- _Excerpted data_:

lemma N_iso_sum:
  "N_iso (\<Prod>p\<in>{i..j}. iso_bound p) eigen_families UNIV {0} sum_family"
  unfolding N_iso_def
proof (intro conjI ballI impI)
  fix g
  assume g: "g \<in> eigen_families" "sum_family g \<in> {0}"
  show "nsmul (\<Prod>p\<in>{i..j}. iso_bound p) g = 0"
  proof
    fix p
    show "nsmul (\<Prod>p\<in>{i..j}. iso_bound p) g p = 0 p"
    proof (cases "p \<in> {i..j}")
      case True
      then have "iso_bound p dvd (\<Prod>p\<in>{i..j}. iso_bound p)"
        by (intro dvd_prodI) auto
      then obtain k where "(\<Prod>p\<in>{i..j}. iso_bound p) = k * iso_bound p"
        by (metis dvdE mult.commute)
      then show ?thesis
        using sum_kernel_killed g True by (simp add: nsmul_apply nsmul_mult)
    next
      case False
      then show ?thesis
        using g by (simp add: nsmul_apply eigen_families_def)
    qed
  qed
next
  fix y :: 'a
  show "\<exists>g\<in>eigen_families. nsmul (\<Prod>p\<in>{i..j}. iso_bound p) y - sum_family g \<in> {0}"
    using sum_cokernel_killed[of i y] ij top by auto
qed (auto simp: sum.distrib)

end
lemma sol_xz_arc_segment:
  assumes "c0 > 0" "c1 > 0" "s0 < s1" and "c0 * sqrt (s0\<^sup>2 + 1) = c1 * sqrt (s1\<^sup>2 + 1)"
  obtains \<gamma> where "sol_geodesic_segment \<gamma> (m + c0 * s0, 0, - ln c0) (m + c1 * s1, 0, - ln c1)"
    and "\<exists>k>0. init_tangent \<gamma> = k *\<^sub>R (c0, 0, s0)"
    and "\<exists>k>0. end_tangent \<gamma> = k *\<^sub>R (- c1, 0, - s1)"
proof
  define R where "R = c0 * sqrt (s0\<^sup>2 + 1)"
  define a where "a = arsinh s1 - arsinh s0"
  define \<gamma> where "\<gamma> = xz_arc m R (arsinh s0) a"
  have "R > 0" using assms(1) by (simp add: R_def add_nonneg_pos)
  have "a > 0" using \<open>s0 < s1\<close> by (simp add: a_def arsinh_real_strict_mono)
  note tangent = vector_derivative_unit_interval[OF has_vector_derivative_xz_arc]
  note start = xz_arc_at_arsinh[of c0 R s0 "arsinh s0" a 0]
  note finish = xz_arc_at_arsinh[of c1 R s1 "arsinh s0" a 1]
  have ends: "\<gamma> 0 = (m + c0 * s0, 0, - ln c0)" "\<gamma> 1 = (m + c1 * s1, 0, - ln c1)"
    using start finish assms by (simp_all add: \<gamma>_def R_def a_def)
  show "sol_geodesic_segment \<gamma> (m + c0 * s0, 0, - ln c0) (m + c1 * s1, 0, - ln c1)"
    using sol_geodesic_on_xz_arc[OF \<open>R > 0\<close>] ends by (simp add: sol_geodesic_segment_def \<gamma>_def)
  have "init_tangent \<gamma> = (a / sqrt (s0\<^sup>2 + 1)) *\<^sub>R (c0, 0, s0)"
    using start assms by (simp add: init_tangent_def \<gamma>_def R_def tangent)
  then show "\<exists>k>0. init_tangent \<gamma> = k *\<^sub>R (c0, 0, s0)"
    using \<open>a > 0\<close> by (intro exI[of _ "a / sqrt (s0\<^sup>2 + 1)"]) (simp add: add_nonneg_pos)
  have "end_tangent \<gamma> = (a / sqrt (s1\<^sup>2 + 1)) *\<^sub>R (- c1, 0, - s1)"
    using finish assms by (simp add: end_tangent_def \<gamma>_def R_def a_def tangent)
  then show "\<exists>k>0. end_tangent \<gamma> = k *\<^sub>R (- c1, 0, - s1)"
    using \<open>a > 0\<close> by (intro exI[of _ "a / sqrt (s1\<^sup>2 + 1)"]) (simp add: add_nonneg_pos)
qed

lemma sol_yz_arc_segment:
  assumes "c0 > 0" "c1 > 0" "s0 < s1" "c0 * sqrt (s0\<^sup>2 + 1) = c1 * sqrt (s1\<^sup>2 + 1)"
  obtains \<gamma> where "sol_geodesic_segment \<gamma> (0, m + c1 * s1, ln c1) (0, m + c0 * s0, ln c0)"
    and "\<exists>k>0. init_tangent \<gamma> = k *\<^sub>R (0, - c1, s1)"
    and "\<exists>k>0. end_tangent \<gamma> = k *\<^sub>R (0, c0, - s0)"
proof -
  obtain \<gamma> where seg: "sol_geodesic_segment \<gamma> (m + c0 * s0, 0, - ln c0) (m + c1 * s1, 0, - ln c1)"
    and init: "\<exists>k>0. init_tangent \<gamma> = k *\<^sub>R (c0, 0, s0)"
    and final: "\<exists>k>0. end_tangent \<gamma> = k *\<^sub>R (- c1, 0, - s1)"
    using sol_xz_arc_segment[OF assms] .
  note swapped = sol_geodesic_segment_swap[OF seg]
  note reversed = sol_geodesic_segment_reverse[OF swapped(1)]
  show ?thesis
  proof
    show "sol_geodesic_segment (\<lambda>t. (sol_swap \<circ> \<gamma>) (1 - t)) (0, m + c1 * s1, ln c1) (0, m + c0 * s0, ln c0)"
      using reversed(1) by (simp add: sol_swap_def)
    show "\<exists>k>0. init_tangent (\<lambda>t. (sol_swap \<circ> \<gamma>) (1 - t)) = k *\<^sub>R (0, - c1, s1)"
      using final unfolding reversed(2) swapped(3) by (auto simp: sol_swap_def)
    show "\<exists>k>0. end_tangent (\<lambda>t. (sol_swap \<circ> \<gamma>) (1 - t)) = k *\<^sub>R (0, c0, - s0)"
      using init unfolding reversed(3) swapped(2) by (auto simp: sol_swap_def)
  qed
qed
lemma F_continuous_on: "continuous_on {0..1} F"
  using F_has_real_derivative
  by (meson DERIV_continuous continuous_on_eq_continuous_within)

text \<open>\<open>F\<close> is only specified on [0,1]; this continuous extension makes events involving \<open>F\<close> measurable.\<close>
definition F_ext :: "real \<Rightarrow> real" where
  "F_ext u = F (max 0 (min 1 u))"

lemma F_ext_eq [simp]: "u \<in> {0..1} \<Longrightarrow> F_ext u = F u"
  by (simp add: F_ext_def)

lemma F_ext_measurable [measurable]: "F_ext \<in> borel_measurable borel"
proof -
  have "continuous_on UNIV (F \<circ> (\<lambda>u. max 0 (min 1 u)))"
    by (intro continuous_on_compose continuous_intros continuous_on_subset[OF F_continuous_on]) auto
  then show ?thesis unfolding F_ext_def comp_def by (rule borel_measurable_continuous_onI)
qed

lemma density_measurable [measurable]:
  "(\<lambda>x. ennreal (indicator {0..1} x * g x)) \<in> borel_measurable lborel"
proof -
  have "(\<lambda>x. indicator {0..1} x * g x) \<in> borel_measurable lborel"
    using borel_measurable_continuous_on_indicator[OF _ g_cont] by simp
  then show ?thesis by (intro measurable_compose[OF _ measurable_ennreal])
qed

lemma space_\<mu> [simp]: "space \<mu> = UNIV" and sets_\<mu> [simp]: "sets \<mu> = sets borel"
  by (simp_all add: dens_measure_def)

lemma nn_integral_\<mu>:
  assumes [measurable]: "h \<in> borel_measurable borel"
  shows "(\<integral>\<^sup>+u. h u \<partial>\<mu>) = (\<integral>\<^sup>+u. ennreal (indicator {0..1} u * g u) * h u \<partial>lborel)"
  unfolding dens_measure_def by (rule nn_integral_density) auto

- _Work order_: Which lines above run from the one containing "note swapped = sol_geodesic_segment_swap[OF" down to the one containing "using final unfolding"? Repeat exactly those, both ends included, and nothing else.

- _Task output_:
  note swapped = sol_geodesic_segment_swap[OF seg]
  note reversed = sol_geodesic_segment_reverse[OF swapped(1)]
  show ?thesis
  proof
    show "sol_geodesic_segment (\<lambda>t. (sol_swap \<circ> \<gamma>) (1 - t)) (0, m + c1 * s1, ln c1) (0, m + c0 * s0, ln c0)"
      using reversed(1) by (simp add: sol_swap_def)
    show "\<exists>k>0. init_tangent (\<lambda>t. (sol_swap \<circ> \<gamma>) (1 - t)) = k *\<^sub>R (0, - c1, s1)"
      using final unfolding reversed(2) swapped(3) by (auto simp: sol_swap_def)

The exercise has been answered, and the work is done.